Он давно не смотрел в зеркало, поэтому я повернулся и проверил, что творится позади.
— Видел по дороге обезьяну, — небрежно бросил Бобби.
Сняв с уха освежитель воздуха и повесив его обратно на зеркало, я сказал:
— Только одну? Я не знал, что они путешествуют поодиночке.
— Моя была одна. Я завернул в Мертвый Город, а она тут как тут. Бежит по улице в свете фар. Маленький такой уродец. Не из твоей обычной компании с отсутствующей эволюционной цепью, или как ее там.
— Другая?
— Ростом в метр двадцать.
Тут у меня по спине побежали мурашки.
Те резусы, которых мы знали, были вдвое меньше. Они и так доставляли много хлопот.

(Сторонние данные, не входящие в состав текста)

(* Let $\mathcal X$ be the ternary coalescent started from $\mathbf r=(r_1,\dots,r_N)$, $N=2n+1$, with total mass $M=\sum r_i$, and let $(\mathcal X'_k)_{0\le k\le n}$ be its skeleton chain. Let $0\le l\le n$ and let $\pi$ be a partition of $\{1,\dots,N\}$ into $N-2l$ non-empty blocks $B_1,\dots,B_{N-2l}$, each of odd cardinality. Let $\Lambda'_\pi(N-2l)$ be the event that the $N-2l$ particles of $\mathcal X'_l$ result from the coagulation of the initial particles $\{r_i:i\in B_j\}$, $j=1,\dots,N-2l$. Then, with $\mathbf r_{B_j}=\sum_{i\in B_j}r_i$, $$\mathbb P(\Lambda'_\pi(N-2l))=\frac{l!}{\alpha(1)\cdots\alpha(l)}\prod_{j=1}^{N-2l}\frac{\Gamma\big((\mathbf r_{B_j}+|B_j|+2)/2\big)\,(|B_j|-1)!}{\Gamma\big((\mathbf r_{B_j}+3)/2\big)\,((|B_j|-1)/2)!},$$ where $\alpha(k)=\frac12(M+N+2-2k)(N+1-2k)(N-2k)$ and $\Gamma$ is the Gamma function.
   Context: $\mathcal S^\downarrow$ is the set of nonincreasing sequences $s_1\ge s_2\ge\dots\ge0$ with finitely many nonzero terms, identified with their nonzero entries (particles). The ternary coalescent is the continuous-time Markov jump process on $\mathcal S^\downarrow$ in which each triple of distinct particles with masses $a,b,c$ merges into one particle of mass $a+b+c$ at rate $a+b+c+3$ (independently over triples, i.e. jump rates $\sum_{i<j<k}(s_i+s_j+s_k+3)\delta_{\mathbf s^{i\oplus j\oplus k}}$, where $\mathbf s^{i\oplus j\oplus k}$ merges entries $i,j,k$ and reranks). Particles are tracked by the set of initial particles (labels in $\{1,\dots,N\}$) they are made of. With $T_0=0$ and $T_k$ the $k$-th coagulation time, the skeleton chain is $\mathcal X'_k=\mathcal X(T_k)$. *)

theory Defs
  imports "HOL-Analysis.Analysis" "HOL-Library.Disjoint_Sets"
begin

text \<open>Ternary coalescent with labelled particles. A state is a partition of the
label set {1..N}; a block B is a particle of mass  sum r over B.\<close>

definition blockmass :: "(nat \<Rightarrow> real) \<Rightarrow> nat set \<Rightarrow> real" where
  "blockmass r B = (\<Sum>i\<in>B. r i)"

definition triples :: "nat set set \<Rightarrow> nat set set set" where
  "triples P = {T. T \<subseteq> P \<and> card T = 3}"

definition trate :: "(nat \<Rightarrow> real) \<Rightarrow> nat set set \<Rightarrow> real" where
  "trate r T = (\<Sum>B\<in>T. blockmass r B) + 3"

definition merge :: "nat set set \<Rightarrow> nat set set \<Rightarrow> nat set set" where
  "merge P T = (P - T) \<union> {\<Union>T}"

definition skel_trans :: "(nat \<Rightarrow> real) \<Rightarrow> nat set set \<Rightarrow> nat set set \<Rightarrow> real" where
  "skel_trans r P Q =
     (\<Sum>T\<in>triples P. if merge P T = Q
        then trate r T / (\<Sum>T'\<in>triples P. trate r T') else 0)"

definition singletons :: "nat \<Rightarrow> nat set set" where
  "singletons N = {{i} | i. i \<in> {1..N}}"

text \<open>skel_prob r N k Q = P(X'_k = Q), the law of the skeleton chain started from
the partition into singletons of {1..N}.\<close>
primrec skel_prob :: "(nat \<Rightarrow> real) \<Rightarrow> nat \<Rightarrow> nat \<Rightarrow> nat set set \<Rightarrow> real" where
  "skel_prob r N 0 Q = (if Q = singletons N then 1 else 0)"
| "skel_prob r N (Suc k) Q =
     (\<Sum>P\<in>{P. partition_on {1..N} P}. skel_prob r N k P * skel_trans r P Q)"

definition alpha :: "real \<Rightarrow> nat \<Rightarrow> nat \<Rightarrow> real" where
  "alpha M N k = (M + real N + 2 - 2 * real k) * (real N + 1 - 2 * real k) * (real N - 2 * real k) / 2"

end

theory Submission
  imports Defs
begin

text \<open>
  The statement is generalised from the partition into singletons to any partition \<open>P\<close> of
  \<open>{1..N}\<close> refining \<open>\<pi>\<close> in which every block \<open>B\<close> of \<open>\<pi>\<close> contains an odd number \<open>c\<^sub>B\<close> of
  blocks of \<open>P\<close> and \<open>|P| = |\<pi>| + 2l\<close>: the chain started at \<open>P\<close> is at \<open>\<pi>\<close> after \<open>l\<close> steps with
  probability \<open>l! / \<alpha>(1)\<cdots>\<alpha>(l) \<cdot> \<Prod>\<^sub>B f(m\<^sub>B, c\<^sub>B)\<close>, where \<open>f\<close> is the Gamma/factorial factor of
  the theorem with \<open>c\<^sub>B\<close> in place of \<open>|B|\<close> and \<open>\<alpha>\<close> is taken with \<open>|P|\<close> in place of \<open>N\<close>.

  This follows by induction on \<open>l\<close>, conditioning on the first coagulation. The chain can only
  reach \<open>\<pi>\<close> if the first triple merges inside a single block \<open>B\<close> of \<open>\<pi>\<close>; these triples have total
  rate \<open>(m\<^sub>B + c\<^sub>B)(c\<^sub>B - 1)(c\<^sub>B - 2)/2\<close>, and the recursion \<open>f(m, c + 2) = (m + c + 2) c f(m, c)\<close>
  turns this into a factor \<open>(c\<^sub>B - 1)/2\<close>. These factors add up to \<open>l + 1\<close>, the total rate of all
  triples of \<open>P\<close> is \<open>\<alpha>(1)\<close>, and \<open>\<alpha>(k + 1)\<close> for \<open>|P|\<close> equals \<open>\<alpha>(k)\<close> for \<open>|P| - 2\<close>.
\<close>

section \<open>Merging a triple of blocks\<close>

lemma triplesD:
  assumes "T \<in> triples P"
  shows "T \<subseteq> P" "card T = 3" "finite T" "T \<noteq> {}"
  using assms by (auto simp: triples_def intro: card_ge_0_finite)

lemma finite_triples: "finite P \<Longrightarrow> finite (triples P)"
  unfolding triples_def by (rule finite_subset[of _ "Pow P"]) auto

Теперь угроза увеличивалась.
— Здоровенная башка, — сказал Бобби.
— Что?
— Метр двадцать, здоровая башка.
— Насколько здоровая?
— Мне ей шляпу не покупать.
— Ну, примерно.
— Примерно с твою или мою.
— На теле в метр двадцать?
— Как шляпка гриба. И неправильной формы.
— Хреново, — пробормотал я.
— Еще как хреново.
Бобби перегнулся через руль, прищурился и посмотрел в лобовое стекло.

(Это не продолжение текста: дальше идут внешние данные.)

(* Assume the stiffness matrix $\mathbf A=(a_{\ell,k})_{\ell,k\ge2}$ of the operator $L$ belongs to $\mathcal D_e(\eta_L)$ for some $\eta_L>0$, and let $v\in\mathcal A_G^{\eta,t}$ for some $\eta>0$, $t\in(0,1]$. Suppose one of the following holds: (a) $\mathbf A$ is banded with $2p+1$ nonzero diagonals (i.e. $a_{\ell,k}=0$ whenever $|\ell-k|>p$); in this case set $\bar\eta=\eta/(2p+1)^t$, $\bar t=t$; (b) $\mathbf A$ is dense, but $\eta<\eta_L$; in this case set $\bar\eta=\zeta(t)\eta$, $\bar t=\frac{t}{1+t}$, where $\zeta(t):=\big(\frac{1+t}{2}\big)^{\frac{t}{1+t}}$ for $0<t\le1$. Then $Lv\in\mathcal A_G^{\bar\eta,\bar t}$ and $\|Lv\|_{\mathcal A_G^{\bar\eta,\bar t}}\le C\|v\|_{\mathcal A_G^{\eta,t}}$ with a constant $C$ independent of $v$.
   Context: $I=(-1,1)$, $V=H^1_0(I)$, $L_k$ the Legendre polynomial of degree $k$ with $L_k(1)=1$, and $\eta_k=\frac{1}{\sqrt{4k-2}}(L_{k-2}-L_k)$, $k\in\mathbb N_2:=\{k\in\mathbb N:k\ge2\}$, the Babuška–Shen basis, orthonormal in $V$ for $(u,v)\mapsto\int_I u'v'$. Each $v\in V$ is $v=\sum_{k\ge2}\hat v_k\eta_k$ with $\|v\|:=\|v'\|_{L^2}=(\sum|\hat v_k|^2)^{1/2}$; each $f\in H^{-1}(I)$ has coefficients $\hat f_k=\langle f,\eta_k\rangle$ and $\|f\|:=(\sum_{k\ge2}|\hat f_k|^2)^{1/2}$. $L$ is the operator $Lw=-(\nu w')'+\sigma w$ with smooth real coefficients, $0<\nu_*\le\nu\le\nu^*$, $0\le\sigma\le\sigma^*$, associated with the bilinear form $a(w,v)=\int_I\nu w'v'+\int_I\sigma wv$ on $V$; its stiffness matrix is $a_{\ell,k}=a(\eta_k,\eta_\ell)$, so the coefficient vector of $Lv$ is $\mathbf A\mathbf v$. A matrix belongs to $\mathcal D_e(\eta_L)$ if there is $c_L>0$ with $|a_{m,n}|\le c_Le^{-\eta_L|m-n|}$ for all $m,n\ge2$. For a coefficient sequence (of a function in $V$ or a functional in $H^{-1}$), the best $N$-term approximation error is $E_N=\inf_{\Lambda\subset\mathbb N_2,|\Lambda|=N}(\sum_{k\notin\Lambda}|\hat v_k|^2)^{1/2}$, and $\mathcal A_G^{\eta,t}$ is the set of such $v$ with $\|v\|_{\mathcal A_G^{\eta,t}}:=\sup_{N\ge0}E_N(v)e^{\eta N^t}<\infty$. *)

theory Defs
  imports "HOL-Analysis.Analysis"
begin
lemma approx_minimizers_weak_limit_subseq_tendsto:
  fixes Ms :: "nat \<Rightarrow> 'a::metric_space measure"
  assumes sep: "separable_space (euclidean :: 'a topology)" and w: "is_weak_convergence w"
    and p: "1 \<le> p" and Ms: "\<And>n. Ms n \<in> Prob_r (p - 1)" and M: "M \<in> Prob_r (p - 1)"
    and conv: "conv_wr (p - 1) Ms M" and eps: "eps \<longlonglongrightarrow> 0"
    and zs: "\<And>n. zs n \<in> Mp_eps (Ms n) p (eps n)" and lim: "w zs x"
  obtains t where "strict_mono t" "(zs \<circ> t) \<longlonglongrightarrow> x"
proof -
  obtain D where bounded: "\<And>n. dist (zs n) x \<le> D"
    using bdd_above_dist_approx_minimizers[OF p Ms M conv eps zs, of x] by (auto simp: bdd_above_def)
  have "dist x y \<le> liminf_dist zs y" for y
    using weak_convergence_dist_le_liminf[OF w lim] liminf_dist_ereal[of zs x D, OF bounded]
    by simp
  then obtain y where "liminf_dist zs y = dist x y"
    using ex_liminf_dist_eq_dist[OF sep p Ms M conv eps zs bounded] by blast
  then show ?thesis
    using weak_convergence_subseq_tendsto[OF w lim] liminf_dist_ereal[of zs x D, OF bounded] that
    by metis
qed

lemma approx_minimizers_subseq_tendsto:
  fixes Ms :: "nat \<Rightarrow> 'a::metric_space measure" and w :: "(nat \<Rightarrow> 'a) \<Rightarrow> 'a \<Rightarrow> bool"
  assumes sep: "separable_space (euclidean :: 'a topology)" and w: "is_weak_convergence w"
    and p: "1 \<le> p" and Ms: "\<And>n. Ms n \<in> Prob_r (p - 1)" and M: "M \<in> Prob_r (p - 1)"
    and conv: "conv_wr (p - 1) Ms M" and eps: "eps \<longlonglongrightarrow> 0"
    and xs: "\<And>n. xs n \<in> Mp_eps (Ms n) p (eps n)"
  obtains t z where "strict_mono t" "(xs \<circ> t) \<longlonglongrightarrow> z"
proof -
  obtain t x where t: "strict_mono t" and lim: "w (xs \<circ> t) x"
    using weak_convergence_bounded_subseq[OF w bdd_above_dist_approx_minimizers[OF p Ms M conv eps xs]]
    by blast
  have "conv_wr (p - 1) (Ms \<circ> t) M" "(eps \<circ> t) \<longlonglongrightarrow> 0"
    using conv_wr_subseq[OF conv t] LIMSEQ_subseq_LIMSEQ[OF eps t] by auto
  with Ms xs obtain t' where "strict_mono t'" "(xs \<circ> t \<circ> t') \<longlonglongrightarrow> x"
    using approx_minimizers_weak_limit_subseq_tendsto[OF sep w p _ M _ _ _ lim, of "Ms \<circ> t" "eps \<circ> t"]
    by (auto simp: comp_def)
  then show ?thesis
    using that strict_mono_o[OF t] by (metis o_assoc)
qed

theorem theorem3p8:
  fixes Ms :: "nat \<Rightarrow> 'a::metric_space measure" and M :: "'a measure"
    and p :: real and eps :: "nat \<Rightarrow> real" and xs :: "nat \<Rightarrow> 'a"
  assumes "separable_space (euclidean :: 'a topology)"
    and "admits_weak_convergence TYPE('a)"
    and "p \<ge> 1"
    and "\<And>n. Ms n \<in> Prob_r (p - 1)" and "M \<in> Prob_r (p - 1)"
    and "conv_wr (p - 1) Ms M"
    and "\<And>n. eps n \<ge> 0" and "eps \<longlonglongrightarrow> 0"
    and "\<And>n. xs n \<in> Mp_eps (Ms n) p (eps n)"
  shows "(\<forall>s::nat \<Rightarrow> nat. strict_mono s \<longrightarrow>
            (\<exists>(t::nat \<Rightarrow> nat) z. strict_mono t \<and> (xs \<circ> s \<circ> t) \<longlonglongrightarrow> z)) \<and>
         (\<forall>(s::nat \<Rightarrow> nat) z. strict_mono s \<and> (xs \<circ> s) \<longlonglongrightarrow> z \<longrightarrow> z \<in> Mp M p)"
proof -
  obtain w :: "(nat \<Rightarrow> 'a) \<Rightarrow> 'a \<Rightarrow> bool" where w: "is_weak_convergence w"
    using assms(2) unfolding admits_weak_convergence_def by blast
  have sub: "conv_wr (p - 1) (Ms \<circ> s) M" "(eps \<circ> s) \<longlonglongrightarrow> 0" "\<And>n. (Ms \<circ> s) n \<in> Prob_r (p - 1)"
    "\<And>n. (xs \<circ> s) n \<in> Mp_eps ((Ms \<circ> s) n) p ((eps \<circ> s) n)" if "strict_mono s" for s :: "nat \<Rightarrow> nat"
    using conv_wr_subseq[OF assms(6) that] LIMSEQ_subseq_LIMSEQ[OF assms(8) that] assms(4,9) by auto
  show ?thesis
  proof (intro conjI allI impI)
    fix s :: "nat \<Rightarrow> nat"
    assume "strict_mono s"
    from approx_minimizers_subseq_tendsto[OF assms(1) w assms(3) sub(3)[OF this] assms(5)
        sub(1,2,4)[OF this]]
    show "\<exists>t z. strict_mono t \<and> (xs \<circ> s \<circ> t) \<longlonglongrightarrow> z"
      by blast
  next
    fix s z
    assume "strict_mono s \<and> (xs \<circ> s) \<longlonglongrightarrow> z"
    then show "z \<in> Mp M p"
      using tendsto_Mp[OF assms(3) sub(3) assms(5) sub(1,2,4)] by blast
  qed
qed

end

В квартале отсюда что-то двигалось. Размером с обезьяну. Оно медленно, но верно приближалось.
Я положил руку на пистолет и спросил:
— Что еще?
— Я больше ничего не видел, брат. Она быстро смылась.
— Что-то новенькое.
— Может, их скоро будет здесь целый выводок.
— Перекати-поле, — сказал я, наконец определив приближавшийся предмет.

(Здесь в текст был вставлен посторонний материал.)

lemma in_basis_mat_1:
  assumes "unitary U" shows "in_basis U (mat 1) = mat 1"
  by (simp add: in_basis_def unitaryD[OF assms])

lemma diag_mat_diff: "diag_mat X \<Longrightarrow> diag_mat Y \<Longrightarrow> diag_mat (X - Y)"
  by (simp add: diag_mat_def)

lemma diag_mat_sum: "(\<And>x. x \<in> S \<Longrightarrow> diag_mat (A x)) \<Longrightarrow> diag_mat (\<Sum>x\<in>S. A x)"
  by (simp add: diag_mat_def sum_component)

lemma diag_mat_mult_nth:
  assumes "diag_mat D" shows "(M ** D) $ i $ y = M $ i $ y * D $ y $ y"
proof -
  have "(M ** D) $ i $ y = (\<Sum>k\<in>UNIV. if k = y then M $ i $ y * D $ y $ y else 0)"
    unfolding matrix_mult_nth by (rule sum.cong) (use assms in \<open>auto simp: diag_mat_def\<close>)
  then show ?thesis by simp
qed

lemma diag_mat_mult_commute:
  assumes "diag_mat A" "diag_mat B" shows "A ** B = B ** A"
proof -
  have "(A ** B) $ i $ l = (B ** A) $ i $ l" for i l
    using assms unfolding diag_mat_mult_nth[OF assms(2)] diag_mat_mult_nth[OF assms(1)]
    by (cases "i = l") (auto simp: diag_mat_def mult.commute)
  then show ?thesis by (simp add: vec_eq_iff)
qed

lemma diag_in_mult_commute:
  assumes "unitary U" "diag_in U X" "diag_in U Y" shows "X ** Y = Y ** X"
  using diag_mat_mult_commute[OF assms(2,3)]
  by (simp flip: in_basis_mult[OF assms(1)] add: in_basis_inject[OF assms(1)])

subsection \<open>Partial monomial matrices\<close>

definition partial_monomial :: "'n::finite cmat \<Rightarrow> bool" where
  "partial_monomial M \<longleftrightarrow> (\<forall>i i' l. i \<noteq> i' \<longrightarrow> M $ i $ l * M $ i' $ l = 0)
                        \<and> (\<forall>x i l. i \<noteq> l \<longrightarrow> M $ x $ i * M $ x $ l = 0)"

lemma partial_monomial_adj: "partial_monomial (adj M) \<longleftrightarrow> partial_monomial M"
  unfolding partial_monomial_def adj_nth
  by (metis complex_cnj_mult complex_cnj_zero_iff)

lemma diag_mat_conj_partial_monomial:
  fixes M :: "'n::finite cmat"
  assumes "partial_monomial M" "diag_mat D" shows "diag_mat (M ** D ** adj M)"
  unfolding diag_mat_def
proof (intro allI impI)
  fix i l :: 'n assume "i \<noteq> l"
  have "M $ i $ y * M $ l $ y = 0" for y
    using assms(1) \<open>i \<noteq> l\<close> by (auto simp: partial_monomial_def)
  then have "M $ i $ y * D $ y $ y * cnj (M $ l $ y) = 0" for y
    by (metis mult_eq_0_iff complex_cnj_zero_iff)
  then show "(M ** D ** adj M) $ i $ l = 0"
    unfolding matrix_mult_nth[of "M ** D"] diag_mat_mult_nth[OF assms(2)] adj_nth
    by (simp add: sum.neutral)
qed

lemma diag_mat_conj_adj_partial_monomial:
  "partial_monomial M \<Longrightarrow> diag_mat D \<Longrightarrow> diag_mat (adj M ** D ** M)"
  using diag_mat_conj_partial_monomial[of "adj M"] by (simp add: partial_monomial_adj)

lemma partial_monomial_admissible:
  assumes "unitary U" "admissible_lindblad U L" shows "partial_monomial (in_basis U L)"
  using assms(2) unfolding admissible_lindblad_def
proof (elim disjE exE conjE)
  fix j k \<gamma> assume "L = mscale (complex_of_real (sqrt \<gamma>)) (munit U j k)"
  then show "partial_monomial (in_basis U L)"
    by (auto simp: in_basis_mscale in_basis_munit[OF assms(1)] partial_monomial_def)
next
  fix c assume "L = (\<Sum>j\<in>UNIV. mscale (c j) (munit U j j))"
  then have "in_basis U L $ a $ b = (\<Sum>j\<in>UNIV. if a = j \<and> b = j then c j else 0)" for a b
    by (simp add: in_basis_sum in_basis_mscale in_basis_munit[OF assms(1)] sum_component
        if_distrib[of "(*) _"] cong: if_cong)
  also have "\<dots> a b = (if a = b then c a else 0)" for a b
    by (cases "a = b") (simp_all add: sum.neutral)
  finally have entries: "in_basis U L $ a $ b = (if a = b then c a else 0)" for a b .
  show "partial_monomial (in_basis U L)"
    unfolding partial_monomial_def entries by simp
qed

lemma diag_in_conj_admissible:
  assumes "unitary U" "admissible_lindblad U L" "diag_in U X"
  shows "diag_in U (L ** X ** adj L)" "diag_in U (adj L ** X ** L)"
  using diag_mat_conj_partial_monomial diag_mat_conj_adj_partial_monomial
    partial_monomial_admissible[OF assms(1,2)] assms(3)
  by (simp_all add: in_basis_mult[OF assms(1)] in_basis_adj)

lemma diag_in_diagonal_munit:
  assumes "unitary U" shows "diag_in U (munit U a a)"
  by (simp add: in_basis_munit[OF assms] diag_mat_def)

lemma diag_in_lindblad_commutator_sum:
  assumes "unitary U" "\<forall>m<N. admissible_lindblad U (L m)"
  shows "diag_in U (\<Sum>m<N. commut (L m) (adj (L m)))"
proof -
  have "diag_in U (mat 1)"
    unfolding in_basis_mat_1[OF assms(1)] by (simp add: diag_mat_def mat_def)
  then have "diag_in U (L m ** mat 1 ** adj (L m))" "diag_in U (adj (L m) ** mat 1 ** L m)"
    if "m < N" for m
    using diag_in_conj_admissible[OF assms(1)] assms(2) that by blast+
  then show ?thesis
    unfolding in_basis_sum commut_def in_basis_diff
    by (intro diag_mat_sum diag_mat_diff) (simp_all add: matrix_mul_rid)
qed

subsection \<open>Differentials at flags diagonal in the basis\<close>

lemma bounded_bilinear_mtrace_conj:
  "bounded_bilinear (\<lambda>X Y::'n::finite cmat. mtrace (X ** C ** Y ** adj C))"
proof -
  have "linear (\<lambda>Y. mtrace (X ** C ** Y ** adj C))" for X
    unfolding mtrace_mult4_rotate by (rule linear_mtrace_mult_right)
  moreover have "linear (\<lambda>X. mtrace (X ** C ** Y ** adj C))" for Y
    using linear_mtrace_mult_right[of "C ** Y ** adj C"] by (simp add: matrix_mul_assoc)
  ultimately show ?thesis
    by (simp add: bilinear_def flip: bilinear_conv_bounded_bilinear)
qed

definition wfun_diff ::
  "nat \<Rightarrow> (nat \<Rightarrow> 'n::finite cmat) \<Rightarrow> 'n cmat ^'n \<Rightarrow> 'n \<Rightarrow> 'n \<Rightarrow> 'n cmat ^'n \<Rightarrow> real" where
  "wfun_diff N L P j k Q = Re (\<Sum>m<N. mtrace (P $ j ** L m ** Q $ k ** adj (L m))
                                     + mtrace (Q $ j ** L m ** P $ k ** adj (L m)))"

В свете заходящей луны было легко представить себе, что парк напротив кишит фантасмагорическими фигурами, скрывающимися в тени и кроне огромных дубов.
Когда я описал встречу с бандой, которая едва не схватила меня в бунгало, Бобби сказал:
— Тридцать? Ну, мужик, они быстро размножаются.
Я сообщил ему о том, как они пользовались фонариком и крышкой люка.
— В следующий раз, — резюмировал Бобби, — они будут ездить на машинах и пытаться назначать свидания нашим женщинам.
Допив пиво, он передал мне пустую бутылку, и я поставил ее в сумку-холодильник.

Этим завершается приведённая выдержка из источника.